Agreement    shall mean this agreement including all Addenda which are incorporated into the Agreement;
Breach    shall mean any breach by a Party which may substantially affect the performance of this Agreement;
Central Processing Center or CPC    shall have the meaning set forth in Addendum A;

 

4


Change

   shall mean any actual change in, addition to, or deletion from the Subject;

Change Order

   shall mean a written order signed by both Supplier and the Purchaser authorizing a Change;

Commissioning

   shall mean starting up the System after completion of the erection and installation of the System, with the understanding that “Cold Commissioning” shall mean starting up the System without load and “Hot Commissioning” shall mean starting up the System with load.

Compensation

   shall mean the compensation which the Purchaser shall pay for the Design, the manufacturing and delivery of the System, the performance of the Services and the execution of the Performance Test, as set out in Section 8.1;

CPC Combined Order

   shall mean orders placed under this Agreement or other agreements entered into by Purchaser or its Affiliates and Supplier of one or more CPCs or other products or services, which may include Supplier’s Voice Grading software and hardware equipment and Supplier’s automated book processing software and hardware equipment, with a combined minimum value of 2.000.000 EUR;

Defect

   shall mean any defect, non-conformity, failure or damage whatsoever and of whatever nature in the System, hidden or apparent, excluding the non-compliances of the Performance Guarantees, as set out in Section 14.2;

Delay

   shall mean a delay of the Successful Hot Commissioning of the System as set out in the timetable attached as Addendum B, with the exception of any delay due to (i) any action or omission to act by the Purchaser that has been notified to the Purchaser in writing or (ii) by a Force Majeure event.

Design

   shall mean the design of the System as set out in Section 6;

Documentation

   shall mean all documentation, plans, texts, pictures, photographs, films, analysis, logos, databases, calculations, and other creations that are directly or indirectly related to the System;

Force Majeure

   shall mean an exceptional event or circumstance:
  

(a)   which is beyond a Party’s control,

  

(b)   which such Party could not reasonably have provided against before entering into the Contract,

  

(c)   which, having arisen, such Party could not reasonably have avoided or overcome, and

  

(d)   which is not substantially attributable to the other Party.

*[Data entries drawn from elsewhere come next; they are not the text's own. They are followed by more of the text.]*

lemma zeta_E_eq_zeta_E_cont:
  assumes q: "0 < q"
  shows "zeta_E q = zeta_E_cont q"
  unfolding zeta_E_def
proof (rule the_equality)
  show "zeta_E_cont q holomorphic_on UNIV \<and> (\<forall>z. 0 < Re z \<longrightarrow>
      (\<lambda>n. (-1) ^ n * complex_of_real (real n + q) powr - z) sums zeta_E_cont q z)"
    using holomorphic_zeta_E_cont[OF q] zeta_E_cont_sums[OF q] by blast
next
  fix f
  assume f: "f holomorphic_on UNIV \<and> (\<forall>z. 0 < Re z \<longrightarrow>
      (\<lambda>n. (-1) ^ n * complex_of_real (real n + q) powr - z) sums f z)"
  have "\<forall>\<^sub>F z in nhds 1. f z = zeta_E_cont q z"
  proof -
    have "\<forall>\<^sub>F z in nhds 1. z \<in> euler_halfplane 1"
      by (rule eventually_nhds_in_open[OF open_euler_halfplane]) (simp add: euler_halfplane_def)
    then show ?thesis
      by eventually_elim
         (use f zeta_E_cont_sums[OF q] sums_unique2 in \<open>force simp: euler_halfplane_def\<close>)
  qed
  then have "(deriv ^^ n) f 1 = (deriv ^^ n) (zeta_E_cont q) 1" for n
    by (rule higher_deriv_cong_ev) simp
  then show "f = zeta_E_cont q"
    using holomorphic_fun_eq_on_connected[OF _ holomorphic_zeta_E_cont[OF q] open_UNIV connected_UNIV]
      f by blast
qed

section \<open>The modified Stieltjes constants as an alternating series\<close>

definition stieltjes_g :: "real \<Rightarrow> nat \<Rightarrow> real \<Rightarrow> real" where
  "stieltjes_g q l t = ln (t + q) ^ l / (t + q)"

lemma higher_deriv_exp_linear:
  "(deriv ^^ l) (\<lambda>z. exp (a * z)) = (\<lambda>z::complex. a ^ l * exp (a * z))"
proof (induction l)
  case (Suc l)
  have "(deriv ^^ Suc l) (\<lambda>z. exp (a * z)) = deriv (\<lambda>z. a ^ l * exp (a * z))"
    by (simp only: funpow.simps o_apply Suc.IH)
  also have "\<dots> = (\<lambda>z. a ^ Suc l * exp (a * z))"
    by (rule ext, rule DERIV_imp_deriv) (auto intro!: derivative_eq_intros)
  finally show ?case .
qed simp

lemma higher_deriv_shifted_powr_at_1:
  assumes "0 < x + q"
  shows "(deriv ^^ l) (\<lambda>z. shifted_powr q z x) 1 = (-1) ^ l * complex_of_real (stieltjes_g q l x)"
proof -
  define L where "L = complex_of_real (ln (x + q))"
  have "(\<lambda>z. shifted_powr q z x) = (\<lambda>z. exp (- L * z))"
    using assms
    by (simp add: fun_eq_iff shifted_powr_def powr_def Ln_of_real L_def mult.commute del: of_real_add)
  then have "(deriv ^^ l) (\<lambda>z. shifted_powr q z x) 1 = (- L) ^ l * exp (- L * 1)"
    by (simp only: higher_deriv_exp_linear)
  also have "exp (- L * 1) = complex_of_real (exp (- ln (x + q)))"
    by (simp only: L_def mult_1_right of_real_minus[symmetric] exp_of_real)
  also have "exp (- ln (x + q)) = 1 / (x + q)"
    using assms by (simp add: exp_minus inverse_eq_divide)
  finally show ?thesis
    by (simp add: stieltjes_g_def L_def power_minus[of "complex_of_real (ln (x + q))"] divide_inverse)
qed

   Force Majeure shall include:
  

(i) war, hostilities (whether war be declared or not), invasion, act of foreign enemies,

  

(ii)  rebellion, terrorism, revolution, insurrection, military or usurped power, or civil war,

 

5


  

(iii)  riot, commotion, disorder, strike or lockout by persons other than Party’s Personnel and other employees of the Party and Sub-contractors,

  

(iv) munitions of war, explosive materials, ionizing radiation or contamination by radio-activity, except as may be attributable to the Party’s use of such munitions, explosives, radiation or radio-activity, and

  

(v)   natural catastrophes such as earthquake, hurricane, typhoon or volcanic activity,

  

(vi) Loss or malfunctions of utilities, communications or computer (software and hardware) services;

  

(vii) Pandemic and any consequential restriction imposed by any law in one of the concerned countries which inhibit the progress of any obligation of a Party hereunder.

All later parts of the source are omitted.